Detection of antibodies
Serology is frequently used to investigate the presence or absence of serum antibodies against different pathogens in boar studs. It is an easy and rather inexpensive method that is suitable for monitoring. The results should be interpreted at group or stud level, not at the individual animal level. An important disadvantage is the time period between pathogen exposure and detectable levels of antibodies. For many serologic tests, this time period ranges from one to several weeks, which implies that during that period, boars may shed the virus although they are not identified as being infected. Puncture of the jugular vein in adult boars has some practical limitations in terms of safety of the handler. Therefore, blood swabs have become popular. For blood swab collection, the ear is pricked with a needle during semen collection and a cotton swab is used to absorb the blood droplet. For PRRSV, increased amounts of PRRSV were shown in the blood swab as compared to semen samples, and infections could be detected earlier .

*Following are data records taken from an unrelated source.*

(* Let $K$ be a power of two and let $\mathcal S_1,\dots,\mathcal S_K$ be sorted sequences of strings with LCP arrays $H_1,\dots,H_K$, all strings having a common prefix of length $\bar h$. The $K$-way LCP-merge described in the context outputs the sorted sequence $\mathcal S_0$ of all $n=\sum_k|\mathcal S_k|$ strings together with its LCP array $H_0$, and it performs at most $\Delta L + n\log_2 K + K$ character comparisons, where $\Delta L = L(H_0)-\sum_{k=1}^K L(H_k)$.
   Context: Strings are zero-terminated finite sequences over a totally ordered alphabet, ordered lexicographically; $\mathrm{lcp}(s,t)$ is the length of their longest common prefix. For a sorted sequence $s_1\le\dots\le s_m$ its LCP array is $H=(\bot,h_2,\dots,h_m)$ with $h_i=\mathrm{lcp}(s_{i-1},s_i)$, and $L(H)=\sum_{i\ge2} h_i$. Each input ends with a sentinel string $\infty$ larger than all strings. LCP-Compare: given $(a,s_a,h_a)$ and $(b,s_b,h_b)$ where $h_a=\mathrm{lcp}(p,s_a)$, $h_b=\mathrm{lcp}(p,s_b)$ for some string $p\le s_a,s_b$: if $h_a<h_b$ return $(b,h_b,a,h_a)$; if $h_b<h_a$ return $(a,h_a,b,h_b)$; if $h_a=h_b$, set $h':=h_a$ and compare $s_a[h'+1]$ with $s_b[h'+1]$, incrementing $h'$ while they are equal and not the terminator; then return $(a,h_a,b,h')$ if $s_a[h'+1]\le s_b[h'+1]$ and $(b,h_b,a,h')$ otherwise. Counting convention: each loop test yielding equality is one character comparison; the final failing test together with the following $\le$ test is one comparison; cases $h_a\ne h_b$ use none. $K$-way LCP-merge (LCP-aware tournament/loser tree): the tree is an implicit perfect binary tree with nodes $1,\dots,K$ (node $\lceil v/2\rceil$ is the parent of $v$); input $k$ corresponds to leaf position $K+k$. Node $v\ge 2$ stores a pair $(y_v,h_v)$: the index of the loser of the game at $v$ and the LCP of that loser's current string with the winner of that game; node 1 stores the overall winner $(w,h_1)$. Let $s_k$ denote the current head of input $k$. Initialization: for $k=1,\dots,K$, start with $(x,h'):=(k,\bar h)$ at $v:=K+k$ and, while $v$ is even, set $v:=v/2$ and $(x,h',y_v,h_v):=\text{LCP-Compare}((x,s_x,h'),(y_v,s_{y_v},h_v))$; then store $(y_v,h_v):=(x,h')$; finally $w:=y_1$. Main loop (repeated $n$ times): output $s_w$ with LCP entry $h_1$; advance input $w$ to its next string $s_w$ and set $(x,h'):=(w,\text{the LCP-array entry of this new string in } H_w)$, $v:=K+w$; while $v>2$ set $v:=\lceil v/2\rceil$ and $(x,h',y_v,h_v):=\text{LCP-Compare}((x,s_x,h'),(y_v,s_{y_v},h_v))$; then set $(w,h_1):=(x,h')$. *)

theory Defs
  imports Complex_Main "HOL-Library.List_Lexorder" "HOL-Library.Sublist" "HOL-Library.Multiset"
begin

text \<open>A string is a finite list over a linearly ordered alphabet; the zero terminator is
implicit (it is the position just after the end of the list and is smaller than every
character). The order on strings is the lexicographic order of HOL-Library.List_Lexorder,
where a proper prefix is smaller, i.e. exactly the order of zero-terminated strings.\<close>

fun lcp :: "'a list \<Rightarrow> 'a list \<Rightarrow> nat" where
  "lcp (x # xs) (y # ys) = (if x = y then Suc (lcp xs ys) else 0)"
| "lcp _ _ = 0"

text \<open>LCP array without the undefined first entry: the entries h_2,...,h_m.\<close>
fun lcp_array :: "'a list list \<Rightarrow> nat list" where
  "lcp_array (a # b # xs) = lcp a b # lcp_array (b # xs)"
| "lcp_array _ = []"

definition L :: "nat list \<Rightarrow> nat" where
  "L H = sum_list H"

datatype 'a xstr = Fin "'a list" | Sentinel

text \<open>Characters: the terminator, ordinary characters, and the character of the sentinel
(larger than everything). The sentinel is modelled as an infinite string of Top characters.\<close>
datatype 'a ch = Term | Chr 'a | Top

fun ch_le :: "'a::linorder ch \<Rightarrow> 'a ch \<Rightarrow> bool" where
  "ch_le Term _ = True"
| "ch_le (Chr x) Term = False"
| "ch_le (Chr x) (Chr y) = (x \<le> y)"
| "ch_le (Chr x) Top = True"
| "ch_le Top Top = True"
| "ch_le Top _ = False"

text \<open>charat s i is the character s[i] (1-based).\<close>
fun charat :: "'a xstr \<Rightarrow> nat \<Rightarrow> 'a ch" where
  "charat (Fin s) i = (if 1 \<le> i \<and> i \<le> length s then Chr (s ! (i - 1)) else Term)"
| "charat Sentinel i = Top"

fun is_chr :: "'a ch \<Rightarrow> bool" where
  "is_chr (Chr _) = True"
| "is_chr _ = False"

fun xlen :: "'a xstr \<Rightarrow> nat" where
  "xlen (Fin s) = length s"
| "xlen Sentinel = 0"

function ext_lcp :: "'a xstr \<Rightarrow> 'a xstr \<Rightarrow> nat \<Rightarrow> nat" where
  "ext_lcp a b h =
     (if charat a (Suc h) = charat b (Suc h) \<and> is_chr (charat a (Suc h))
      then ext_lcp a b (Suc h) else h)"
  by pat_completeness auto
termination
  apply (relation "measure (\<lambda>(a, b, h). xlen a - h)")
   apply simp
  subgoal for a b h by (cases a) (auto split: if_splits)
  done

Interpretation of diagnostic testing
It is clear that categorizing semen as either virus free or virus contaminated is not straightforward. For many viruses, e.g., PRRSV, ADV, PCV2, temporal inconsistencies exist among viremia, the presence of virus in semen, and antibodies in serum. In the case of PRRSV, e.g., viremia in adult boars may be of short duration and end before virus shedding in semen ends . Furthermore, in the initial phases of the infection, serologic results will be negative although the virus can be shed in the semen. Finally, boars may remain serologically positive long after the virus is no longer shed in the semen. Because shedding of virus in semen is often intermittent, especially in the later phases of the infection, a negative test result on a semen sample does not preclude subsequent shedding of the virus. A negative result only means that the tested sample of the ejaculate does not contain virus and that the particular ejaculate is likely to be virus free. It does not guarantee absence of contamination in subsequent ejaculates of a boar. Consequently, a negative semen test from a serologically positive boar should be interpreted with caution.